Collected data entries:
= = = =
lemma max_ideal_sq_contains_multiples:
  assumes "0 < conductor_degree R" and "f \<in> max_ideal R" and "f \<noteq> 0"
    and "fps_X ^ (subdegree f + conductor_degree R) dvd z"
  shows "z \<in> max_ideal_sq R"
proof -
  let ?c = "conductor_degree R"
  have "f dvd fps_X ^ subdegree f"
    using fps_dvd_iff[of f "fps_X ^ subdegree f"] assms(3) by (simp add: fps_X_power_subdegree)
  then have "f * fps_X ^ ?c dvd fps_X ^ (subdegree f + ?c)" by (simp add: power_add mult_dvd_mono)
  then have "f * fps_X ^ ?c dvd z" using assms(4) by (rule dvd_trans)
  then obtain k where "z = f * fps_X ^ ?c * k" by (rule dvdE)
  then have z: "z = f * (fps_X ^ ?c * k)" by (simp add: mult.assoc)
  have "fps_X ^ ?c * k \<in> conductor R" by (simp add: conductor_eq)
  then have "fps_X ^ ?c * k * 1 \<in> R" unfolding conductor_def by blast
  then have "fps_X ^ ?c * k \<in> max_ideal R"
    using assms(1) unfolding max_ideal_def by (simp add: fps_X_power_mult_nth)
  with assms(2) show ?thesis unfolding z by (rule ideal_prod_mult)
qed

lemma HK_values_finite_nonempty:
  assumes "0 < conductor_degree R"
  shows "finite (HK_values R)" and "HK_values R \<noteq> {}"
proof -
  let ?c = "conductor_degree R"
  obtain f where f: "f \<in> max_ideal R" "f \<noteq> 0" "\<And>a. a \<in> max_ideal R \<Longrightarrow> fps_X ^ subdegree f dvd a"
    using max_ideal_least_value[OF assms] by blast
  let ?e = "subdegree f"
  have "0 < ?e"
    using fps_X_dvd_max_ideal[OF f(1)] f(2) fps_X_power_dvd_iff_subdegree[of 1 f] by simp
  have "?e \<notin> vals (max_ideal_sq R)"
  proof
    assume "?e \<in> vals (max_ideal_sq R)"
    then obtain y where y: "y \<in> max_ideal_sq R" "y \<noteq> 0" "subdegree y = ?e"
      by (rule in_valsE)
    have "fps_X ^ (?e + ?e) dvd y" using f(3) f(3) y(1) by (rule ideal_prod_fps_X_power_dvd)
    with y \<open>0 < ?e\<close> show False by (simp add: fps_X_power_dvd_iff_subdegree)
  qed
  moreover have "?e \<in> vals (max_ideal R)" using f(1,2) by (rule in_valsI)
  ultimately show "HK_values R \<noteq> {}" by blast
  have "HK_values R \<subseteq> {..<?e + ?c}"
  proof
    fix j assume j: "j \<in> HK_values R"
    then have "j \<in> vals (max_ideal R)" by blast
    then obtain z where z: "z \<in> max_ideal R" "z \<noteq> 0" "subdegree z = j" by (rule in_valsE)
    show "j \<in> {..<?e + ?c}"
    proof (rule ccontr)
      assume "j \<notin> {..<?e + ?c}"
      then have "z \<in> max_ideal_sq R"
        using z by (intro max_ideal_sq_contains_multiples[OF assms f(1,2)])
          (simp add: fps_X_power_dvd_iff_subdegree)
      then have "subdegree z \<in> vals (max_ideal_sq R)" using z(2) by (rule in_valsI)
      with j z(3) show False by blast
    qed
  qed
  then show "finite (HK_values R)" by (rule finite_subset) simp
qed

lemma conductor_not_subset_max_ideal_sq:
  assumes "0 < conductor_degree R" and "conductor_degree R \<le> HK_last R"
  shows "\<not> conductor R \<subseteq> max_ideal_sq R"
proof
  have HK: "HK_last R \<in> HK_values R"
    unfolding HK_last_def using HK_values_finite_nonempty[OF assms(1)] by (rule Max_in)
  assume "conductor R \<subseteq> max_ideal_sq R"
  moreover have "fps_X ^ HK_last R \<in> conductor R"
    using assms(2) by (simp add: conductor_eq le_imp_power_dvd)
  ultimately have "HK_last R \<in> vals (max_ideal_sq R)" by (intro fps_X_power_in_vals) blast
  with HK show False by blast
qed

lemma conductor_subset_max_ideal_sq:
  assumes "HK_last R < conductor_degree R"
  shows "conductor R \<subseteq> max_ideal_sq R"
proof -
  let ?c = "conductor_degree R"
  have "0 < ?c" using assms by simp
  obtain f where f: "f \<in> max_ideal R" "f \<noteq> 0"
    using max_ideal_least_value[OF \<open>0 < ?c\<close>] by blast
  have high_values: "j \<in> vals (max_ideal_sq R)" if "?c \<le> j" for j
  proof -
    have "j \<in> vals (max_ideal R)"
      using fps_X_power_in_max_ideal[OF \<open>0 < ?c\<close> that] by (rule fps_X_power_in_vals)
    moreover have "j \<notin> HK_values R"
    proof
      assume "j \<in> HK_values R"
      then have "j \<le> HK_last R"
        unfolding HK_last_def by (rule Max_ge[OF HK_values_finite_nonempty(1)[OF \<open>0 < ?c\<close>]])
      with assms that show False by simp
    qed
    ultimately show ?thesis by blast
  qed
  have multiples: "z \<in> max_ideal_sq R" if "fps_X ^ ?c dvd z" for z
  proof (rule fps_subspace_contains_multiples[of "max_ideal_sq R" ?c "subdegree f + ?c"])
    show "fps_const l * x \<in> max_ideal_sq R" if "x \<in> max_ideal_sq R" for l x
      using max_ideal_fps_const_mult that by (rule ideal_prod_fps_const_mult)
    show "y \<in> max_ideal_sq R" if "fps_X ^ (subdegree f + ?c) dvd y" for y
      using \<open>0 < ?c\<close> f that by (rule max_ideal_sq_contains_multiples)
    show "x + y \<in> max_ideal_sq R" if "x \<in> max_ideal_sq R" "y \<in> max_ideal_sq R" for x y
      using that by (rule ideal_prod_add)
    show "j \<in> vals (max_ideal_sq R)" if "?c \<le> j" "j < subdegree f + ?c" for j
      using that(1) by (rule high_values)
  qed (simp, fact that)
  then show ?thesis unfolding conductor_eq by blast
qed

end

theorem mainTheorem7:
  fixes R :: "'a::field fps set"
  assumes "admissible_ring R"
  shows "\<not> conductor R \<subseteq> ideal_prod (max_ideal R) (max_ideal R)
           \<longleftrightarrow> HK_last R \<ge> conductor_degree R"
proof (cases "conductor_degree R = 0")
  case True
  then have "1 \<in> conductor R" by (simp add: conductor_eq[OF assms])
  with True show ?thesis using one_notin_max_ideal_sq by auto
next
  case False
  then have "0 < conductor_degree R" by simp
  show ?thesis
  proof (cases "conductor_degree R \<le> HK_last R")
    case True
    with conductor_not_subset_max_ideal_sq[OF assms \<open>0 < conductor_degree R\<close>] show ?thesis by simp
  next
    case False
    with conductor_subset_max_ideal_sq[OF assms] show ?thesis by simp
  qed
qed

end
= = = =
Instructions for the task: Write the data back out verbatim.

Exercise output:
lemma max_ideal_sq_contains_multiples:
  assumes "0 < conductor_degree R" and "f \<in> max_ideal R" and "f \<noteq> 0"
    and "fps_X ^ (subdegree f + conductor_degree R) dvd z"
  shows "z \<in> max_ideal_sq R"
proof -
  let ?c = "conductor_degree R"
  have "f dvd fps_X ^ subdegree f"
    using fps_dvd_iff[of f "fps_X ^ subdegree f"] assms(3) by (simp add: fps_X_power_subdegree)
  then have "f * fps_X ^ ?c dvd fps_X ^ (subdegree f + ?c)" by (simp add: power_add mult_dvd_mono)
  then have "f * fps_X ^ ?c dvd z" using assms(4) by (rule dvd_trans)
  then obtain k where "z = f * fps_X ^ ?c * k" by (rule dvdE)
  then have z: "z = f * (fps_X ^ ?c * k)" by (simp add: mult.assoc)
  have "fps_X ^ ?c * k \<in> conductor R" by (simp add: conductor_eq)
  then have "fps_X ^ ?c * k * 1 \<in> R" unfolding conductor_def by blast
  then have "fps_X ^ ?c * k \<in> max_ideal R"
    using assms(1) unfolding max_ideal_def by (simp add: fps_X_power_mult_nth)
  with assms(2) show ?thesis unfolding z by (rule ideal_prod_mult)
qed

lemma HK_values_finite_nonempty:
  assumes "0 < conductor_degree R"
  shows "finite (HK_values R)" and "HK_values R \<noteq> {}"
proof -
  let ?c = "conductor_degree R"
  obtain f where f: "f \<in> max_ideal R" "f \<noteq> 0" "\<And>a. a \<in> max_ideal R \<Longrightarrow> fps_X ^ subdegree f dvd a"
    using max_ideal_least_value[OF assms] by blast
  let ?e = "subdegree f"
  have "0 < ?e"
    using fps_X_dvd_max_ideal[OF f(1)] f(2) fps_X_power_dvd_iff_subdegree[of 1 f] by simp
  have "?e \<notin> vals (max_ideal_sq R)"
  proof
    assume "?e \<in> vals (max_ideal_sq R)"
    then obtain y where y: "y \<in> max_ideal_sq R" "y \<noteq> 0" "subdegree y = ?e"
      by (rule in_valsE)
    have "fps_X ^ (?e + ?e) dvd y" using f(3) f(3) y(1) by (rule ideal_prod_fps_X_power_dvd)
    with y \<open>0 < ?e\<close> show False by (simp add: fps_X_power_dvd_iff_subdegree)
  qed
  moreover have "?e \<in> vals (max_ideal R)" using f(1,2) by (rule in_valsI)
  ultimately show "HK_values R \<noteq> {}" by blast
  have "HK_values R \<subseteq> {..<?e + ?c}"
  proof
    fix j assume j: "j \<in> HK_values R"
    then have "j \<in> vals (max_ideal R)" by blast
    then obtain z where z: "z \<in> max_ideal R" "z \<noteq> 0" "subdegree z = j" by (rule in_valsE)
    show "j \<in> {..<?e + ?c}"
    proof (rule ccontr)
      assume "j \<notin> {..<?e + ?c}"
      then have "z \<in> max_ideal_sq R"
        using z by (intro max_ideal_sq_contains_multiples[OF assms f(1,2)])
          (simp add: fps_X_power_dvd_iff_subdegree)
      then have "subdegree z \<in> vals (max_ideal_sq R)" using z(2) by (rule in_valsI)
      with j z(3) show False by blast
    qed
  qed
  then show "finite (HK_values R)" by (rule finite_subset) simp
qed

lemma conductor_not_subset_max_ideal_sq:
  assumes "0 < conductor_degree R" and "conductor_degree R \<le> HK_last R"
  shows "\<not> conductor R \<subseteq> max_ideal_sq R"
proof
  have HK: "HK_last R \<in> HK_values R"
    unfolding HK_last_def using HK_values_finite_nonempty[OF assms(1)] by (rule Max_in)
  assume "conductor R \<subseteq> max_ideal_sq R"
  moreover have "fps_X ^ HK_last R \<in> conductor R"
    using assms(2) by (simp add: conductor_eq le_imp_power_dvd)
  ultimately have "HK_last R \<in> vals (max_ideal_sq R)" by (intro fps_X_power_in_vals) blast
  with HK show False by blast
qed

lemma conductor_subset_max_ideal_sq:
  assumes "HK_last R < conductor_degree R"
  shows "conductor R \<subseteq> max_ideal_sq R"
proof -
  let ?c = "conductor_degree R"
  have "0 < ?c" using assms by simp
  obtain f where f: "f \<in> max_ideal R" "f \<noteq> 0"
    using max_ideal_least_value[OF \<open>0 < ?c\<close>] by blast
  have high_values: "j \<in> vals (max_ideal_sq R)" if "?c \<le> j" for j
  proof -
    have "j \<in> vals (max_ideal R)"
      using fps_X_power_in_max_ideal[OF \<open>0 < ?c\<close> that] by (rule fps_X_power_in_vals)
    moreover have "j \<notin> HK_values R"
    proof
      assume "j \<in> HK_values R"
      then have "j \<le> HK_last R"
        unfolding HK_last_def by (rule Max_ge[OF HK_values_finite_nonempty(1)[OF \<open>0 < ?c\<close>]])
      with assms that show False by simp
    qed
    ultimately show ?thesis by blast
  qed
  have multiples: "z \<in> max_ideal_sq R" if "fps_X ^ ?c dvd z" for z
  proof (rule fps_subspace_contains_multiples[of "max_ideal_sq R" ?c "subdegree f + ?c"])
    show "fps_const l * x \<in> max_ideal_sq R" if "x \<in> max_ideal_sq R" for l x
      using max_ideal_fps_const_mult that by (rule ideal_prod_fps_const_mult)
    show "y \<in> max_ideal_sq R" if "fps_X ^ (subdegree f + ?c) dvd y" for y
      using \<open>0 < ?c\<close> f that by (rule max_ideal_sq_contains_multiples)
    show "x + y \<in> max_ideal_sq R" if "x \<in> max_ideal_sq R" "y \<in> max_ideal_sq R" for x y
      using that by (rule ideal_prod_add)
    show "j \<in> vals (max_ideal_sq R)" if "?c \<le> j" "j < subdegree f + ?c" for j
      using that(1) by (rule high_values)
  qed (simp, fact that)
  then show ?thesis unfolding conductor_eq by blast
qed

end

theorem mainTheorem7:
  fixes R :: "'a::field fps set"
  assumes "admissible_ring R"
  shows "\<not> conductor R \<subseteq> ideal_prod (max_ideal R) (max_ideal R)
           \<longleftrightarrow> HK_last R \<ge> conductor_degree R"
proof (cases "conductor_degree R = 0")
  case True
  then have "1 \<in> conductor R" by (simp add: conductor_eq[OF assms])
  with True show ?thesis using one_notin_max_ideal_sq by auto
next
  case False
  then have "0 < conductor_degree R" by simp
  show ?thesis
  proof (cases "conductor_degree R \<le> HK_last R")
    case True
    with conductor_not_subset_max_ideal_sq[OF assms \<open>0 < conductor_degree R\<close>] show ?thesis by simp
  next
    case False
    with conductor_subset_max_ideal_sq[OF assms] show ?thesis by simp
  qed
qed

end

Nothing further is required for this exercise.